═════ Dataset entries
lemma X_free_F':
  "sigma1_sequent p q xs F \<Longrightarrow> i < q \<Longrightarrow> B \<in> F' xs F U i \<Longrightarrow> X_free B"
  unfolding sigma1_sequent_def F'_def by (auto intro: X_free_inst_set)

lemma inst_set_decomposition_cases:
  assumes "decomposition p q xs F H al U ws" "i < q"
    and "A \<in> inst_set (xs i) (F i) (H i)"
  obtains "A \<in> F' xs F U i"
  | B w where "B \<in> F' xs F U i" "w \<in> set ws"
      "eval_fm I R \<sigma> A = eval_fm I R (\<lambda>v. eval_trm I \<sigma> (mk_sub al w v)) B"
proof (cases "length (xs i) > 0")
  case True
  with assms obtain u w where uw: "u \<in> U i" "w \<in> set ws"
      and A: "A = subst_fm (mk_sub (xs i) (map (subst_trm (mk_sub al w)) u)) (F i)"
    unfolding decomposition_def inst_set_def by auto
  moreover have "subst_fm (mk_sub (xs i) u) (F i) \<in> F' xs F U i"
    using True uw unfolding F'_def inst_set_def by auto
  moreover have "length u = length (xs i)" "set al \<inter> vars_fm (F i) = {}"
    using assms(1,2) uw unfolding decomposition_def by auto
  ultimately show thesis
    using that(2) eval_subst_mk_sub_compose by metis
next
  case False
  then show thesis
    using assms(3) that(1) unfolding F'_def inst_set_def by simp
qed

lemma
  assumes "sigma1_sequent p q xs F" "decomposition p q xs F H al U ws"
  shows X_free_canonical_formula: "X_free (canonical_formula p q xs F U)"
    and eval_canonical_formula: "eval_fm I R \<sigma> (canonical_formula p q xs F U) \<longleftrightarrow>
      (\<forall>i<q. \<forall>B\<in>F' xs F U i. eval_fm I R \<sigma> B \<longleftrightarrow> i < p)"
proof -
  have p_le_q: "p \<le> q"
    using assms(1) unfolding sigma1_sequent_def by auto
  then have lt_q: "\<And>i. i < p \<Longrightarrow> i < q"
    by simp
  have "\<And>i. i < q \<Longrightarrow> finite (F' xs F U i)"
    using assms(2) unfolding decomposition_def F'_def by (auto intro: finite_inst_set)
  then have fin: "finite (\<Union>i\<in>{..<p}. F' xs F U i)" "finite (\<Union>i\<in>{p..<q}. F' xs F U i)"
    using p_le_q by auto
  have "\<forall>B\<in>(\<Union>i\<in>{..<p}. F' xs F U i). X_free B" "\<forall>B\<in>(\<Union>i\<in>{p..<q}. F' xs F U i). X_free B"
    using X_free_F'[OF assms(1)] lt_q by auto
  with fin show "X_free (canonical_formula p q xs F U)"
    unfolding canonical_formula_def by (simp add: X_free_conj_set X_free_disj_set)
  show "eval_fm I R \<sigma> (canonical_formula p q xs F U) \<longleftrightarrow>
      (\<forall>i<q. \<forall>B\<in>F' xs F U i. eval_fm I R \<sigma> B \<longleftrightarrow> i < p)"
    unfolding canonical_formula_def using fin
    by (auto simp: eval_conj_set eval_disj_set not_less dest: lt_q)
qed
══════════
> _What you should do_
Beginning with the line that contains "unfolding decomposition_def inst_set_def", set down every line through the end of the data without change.

> _Written answer_
    unfolding decomposition_def inst_set_def by auto
  moreover have "subst_fm (mk_sub (xs i) u) (F i) \<in> F' xs F U i"
    using True uw unfolding F'_def inst_set_def by auto
  moreover have "length u = length (xs i)" "set al \<inter> vars_fm (F i) = {}"
    using assms(1,2) uw unfolding decomposition_def by auto
  ultimately show thesis
    using that(2) eval_subst_mk_sub_compose by metis
next
  case False
  then show thesis
    using assms(3) that(1) unfolding F'_def inst_set_def by simp
qed

lemma
  assumes "sigma1_sequent p q xs F" "decomposition p q xs F H al U ws"
  shows X_free_canonical_formula: "X_free (canonical_formula p q xs F U)"
    and eval_canonical_formula: "eval_fm I R \<sigma> (canonical_formula p q xs F U) \<longleftrightarrow>
      (\<forall>i<q. \<forall>B\<in>F' xs F U i. eval_fm I R \<sigma> B \<longleftrightarrow> i < p)"
proof -
  have p_le_q: "p \<le> q"
    using assms(1) unfolding sigma1_sequent_def by auto
  then have lt_q: "\<And>i. i < p \<Longrightarrow> i < q"
    by simp
  have "\<And>i. i < q \<Longrightarrow> finite (F' xs F U i)"
    using assms(2) unfolding decomposition_def F'_def by (auto intro: finite_inst_set)
  then have fin: "finite (\<Union>i\<in>{..<p}. F' xs F U i)" "finite (\<Union>i\<in>{p..<q}. F' xs F U i)"
    using p_le_q by auto
  have "\<forall>B\<in>(\<Union>i\<in>{..<p}. F' xs F U i). X_free B" "\<forall>B\<in>(\<Union>i\<in>{p..<q}. F' xs F U i). X_free B"
    using X_free_F'[OF assms(1)] lt_q by auto
  with fin show "X_free (canonical_formula p q xs F U)"
    unfolding canonical_formula_def by (simp add: X_free_conj_set X_free_disj_set)
  show "eval_fm I R \<sigma> (canonical_formula p q xs F U) \<longleftrightarrow>
      (\<forall>i<q. \<forall>B\<in>F' xs F U i. eval_fm I R \<sigma> B \<longleftrightarrow> i < p)"
    unfolding canonical_formula_def using fin
    by (auto simp: eval_conj_set eval_disj_set not_less dest: lt_q)
qed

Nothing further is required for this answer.